PSMA-based imaging traces even treatment-resistant prostate cancer

Anti-androgen hormonal therapy, also called chemical castration, can be an important defense against further disease progression for patients with prostate cancer that has traveled and grown in other areas, or metastasized—but some cases simply do not respond to this treatment. A groundbreaking molecular imaging agent has been developed to help clinicians find as much cancer as possible, whether it is responding favorably or not, in an effort to improve clinical decision making for these patients, say researchers at the Society of Nuclear Medicine and Molecular Imaging's 2014 Annual Meeting.

The imaging technique championed by this study is called F-18 DCFBC PET/CT, developed at Johns Hopkins University in Baltimore, Md., by study co-author Martin G. Pomper, MD, PhD. F-18 DCFBC is a unique small-molecule PET agent that searches for and attaches to prostate-specific membrane antigen (PSMA), which signals more strongly from malignant prostate cells than from normal cells. The study further proves the effectiveness of the imaging agent by providing substantial clinical data for both castration-sensitive and castration-resistant prostate cancer patients.

"Currently there is a great unmet need in prostate cancer management and drug development for a functional imaging agent that is able to detect prostate cancer and monitor response to therapy," said Steve Cho, MD, PhD, assistant professor of nuclear medicine and PET in the department of radiology at Johns Hopkins University School of Medicine. "Unfortunately, a truly reliable functional imaging agent for prostate cancer does not exist, but several exciting metastatic cancer imaging agents have been in development over the last several years. We are working toward improvements beyond the current capabilities of conventional bone and CT imaging, and a small-molecule PSMA-based PET radiopharmaceutical such as F-18 DCFBC is one such possibility."

The agent is injected prior to PET imaging, and the particles emitted by the radiolabel, fluorine-18, are then detected by a specialized scanner performing both positron emission tomography and computer tomography (PET/CT). This hybrid imaging system uses both functional and structural data to create a composite image of anatomy and physiology with "hot spots" where the imaging agent is binding to PSMA targets in the body, otherwise known as tumor uptake.

This study includes the first 12 patients from an ongoing trial, including five cases of castration-sensitive and seven cases of castration-resistant cancer, both with rising PSMA levels and evidence of metastases.

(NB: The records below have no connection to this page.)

lemma convex_on_power2_norm_diff: "convex_on UNIV (\<lambda>x. (norm (x - r))\<^sup>2)"
proof (rule convex_onI)
  fix t :: real and x y :: 'a assume t: "0 < t" "t < 1"
  have "norm ((1 - t) *\<^sub>R x + t *\<^sub>R y - r) \<le> (1 - t) * norm (x - r) + t * norm (y - r)"
    using convex_onD[OF convex_on_dist[of UNIV r], of t x y] t by (simp add: dist_norm norm_minus_commute)
  then have "(norm ((1 - t) *\<^sub>R x + t *\<^sub>R y - r))\<^sup>2 \<le> ((1 - t) * norm (x - r) + t * norm (y - r))\<^sup>2"
    by (rule power_mono) simp
  also have "\<dots> \<le> (1 - t) * (norm (x - r))\<^sup>2 + t * (norm (y - r))\<^sup>2"
    using convex_onD[OF convex_power2, of t "norm (x - r)" "norm (y - r)"] t by simp
  finally show "(norm ((1 - t) *\<^sub>R x + t *\<^sub>R y - r))\<^sup>2 \<le> (1 - t) * (norm (x - r))\<^sup>2 + t * (norm (y - r))\<^sup>2" .
qed simp

lemma concave_on_affine_inner: "concave_on UNIV (\<lambda>x. a + b \<bullet> x)"
  unfolding concave_on_iff
proof (intro conjI ballI allI impI)
  fix x y :: 'a and u v :: real assume "u + v = 1"
  then have "a * u + a * v = a" by (simp flip: distrib_left)
  then show "u * (a + b \<bullet> x) + v * (a + b \<bullet> y) \<le> a + b \<bullet> (u *\<^sub>R x + v *\<^sub>R y)"
    by (simp add: inner_add_right algebra_simps)
qed simp

lemma convex_problem_norm_soc_constraint:
  assumes "0 \<le> \<beta>" "linear f"
  shows "convex_problem (\<lambda>u. (norm (u - r))\<^sup>2) (\<lambda>u. a + b \<bullet> u - \<beta> * norm (f u + c))"
  unfolding convex_problem_def
  using convex_on_power2_norm_diff
    convex_on_diff[OF convex_on_cmul[OF assms(1) convex_on_norm_affine[OF assms(2)]] concave_on_affine_inner]
  by simp
lemma integrable_abs_mult_square_of_decay:
  fixes U :: "real \<Rightarrow> real" and b q :: real
  assumes [measurable]: "U \<in> borel_measurable borel"
    and U: "integrable lborel U" and U2: "integrable lborel (\<lambda>x. (U x)\<^sup>2)"
    and decay: "U \<sim>[at_infinity] (\<lambda>x. b * \<bar>x\<bar> powr q)" and q: "q \<le> -1"
  shows "integrable lborel (\<lambda>x. \<bar>x\<bar> * (U x)\<^sup>2)"
proof -
  obtain R where R: "\<And>x. R \<le> \<bar>x\<bar> \<Longrightarrow> \<bar>U x\<bar> \<le> 2 * \<bar>b * \<bar>x\<bar> powr q\<bar>"
    using asymp_equiv_imp_eventually_le[OF decay, of 2] unfolding eventually_at_infinity by auto
  define R' where "R' = max R 1"
  have "\<bar>x\<bar> * (U x)\<^sup>2 \<le> 2 * \<bar>b\<bar> * \<bar>U x\<bar> + R' * (U x)\<^sup>2" for x
  proof (cases "R' \<le> \<bar>x\<bar>")
    case True
    then have x: "1 \<le> \<bar>x\<bar>" "R \<le> \<bar>x\<bar>" by (auto simp: R'_def)
    have "\<bar>x\<bar> * \<bar>x\<bar> powr q \<le> \<bar>x\<bar> * \<bar>x\<bar> powr (-1)"
      using x q by (intro mult_left_mono powr_mono) auto
    also have "\<dots> = 1"
      using x by (simp add: powr_minus)
    finally have "2 * \<bar>b\<bar> * (\<bar>x\<bar> * \<bar>x\<bar> powr q) \<le> 2 * \<bar>b\<bar>"
      by (intro mult_left_le) auto
    moreover have "\<bar>x\<bar> * \<bar>U x\<bar> \<le> 2 * \<bar>b\<bar> * (\<bar>x\<bar> * \<bar>x\<bar> powr q)"
      using mult_left_mono[OF R[OF x(2)], of "\<bar>x\<bar>"] by (simp add: abs_mult mult_ac)
    ultimately have "\<bar>x\<bar> * \<bar>U x\<bar> \<le> 2 * \<bar>b\<bar>"
      by linarith
    then have "(\<bar>x\<bar> * \<bar>U x\<bar>) * \<bar>U x\<bar> \<le> 2 * \<bar>b\<bar> * \<bar>U x\<bar>"
      by (rule mult_right_mono) simp
    moreover have "\<bar>x\<bar> * (U x)\<^sup>2 = (\<bar>x\<bar> * \<bar>U x\<bar>) * \<bar>U x\<bar>"
      by (metis abs_mult_self_eq mult.assoc power2_eq_square)
    ultimately have "\<bar>x\<bar> * (U x)\<^sup>2 \<le> 2 * \<bar>b\<bar> * \<bar>U x\<bar>"
      by (simp only:)
    then show ?thesis
      by (simp add: R'_def add_increasing2)
  next
    case False
    then show ?thesis
      by (intro add_increasing mult_right_mono) auto
  qed
  note bound = this
  show ?thesis
  proof (rule Bochner_Integration.integrable_bound)
    show "integrable lborel (\<lambda>x. 2 * \<bar>b\<bar> * \<bar>U x\<bar> + R' * (U x)\<^sup>2)"
      using U U2 by (intro Bochner_Integration.integrable_add integrable_mult_right integrable_abs)
    have "norm (\<bar>x\<bar> * (U x)\<^sup>2) \<le> norm (2 * \<bar>b\<bar> * \<bar>U x\<bar> + R' * (U x)\<^sup>2)" for x
    proof -
      have nonneg: "0 \<le> \<bar>x\<bar> * (U x)\<^sup>2" by simp
      show ?thesis
        unfolding real_norm_def abs_of_nonneg[OF nonneg] abs_of_nonneg[OF order_trans[OF nonneg bound]]
        by (rule bound)
    qed
    then show "AE x in lborel. norm (\<bar>x\<bar> * (U x)\<^sup>2) \<le> norm (2 * \<bar>b\<bar> * \<bar>U x\<bar> + R' * (U x)\<^sup>2)"
      by (intro AE_I2)
  qed measurable
qed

Hot spots representing tumor uptake were correlated with serum prostate-specific antigen and folate levels as well as castration-resistant status. Results of the study showed F-18 DCFBC uptake was comparable to conventional imaging in relation to the lymph nodes, some bone and viscera, including the adrenal glands and pancreas. Lower DCFBC uptake was seen in highly scarred bone metastases when compared to other kinds of growths, but DCFBC PET was found to be more sensitive than conventional imaging for detecting bone metastases, especially within the cervical spine and areas showing degenerative changes, as well as in subcentimeter-sized lymph nodes. Additionally, a higher uptake of the agent was observed in castration-resistant bone metastases, and a direct link was found between PSMA levels and tumor-agent uptake. Further studies are required to get a comprehensive picture of the value of F-18 DCFBC PET for this patient population.

Aside from skin cancer, prostate cancer is the most prevalent form of cancer among men in the United States, according to 2014 statistics from the American Cancer Society. About 233,000 new cases of prostate cancer are expected to be diagnosed and about 29,480 prostate-cancer related deaths are estimated this year.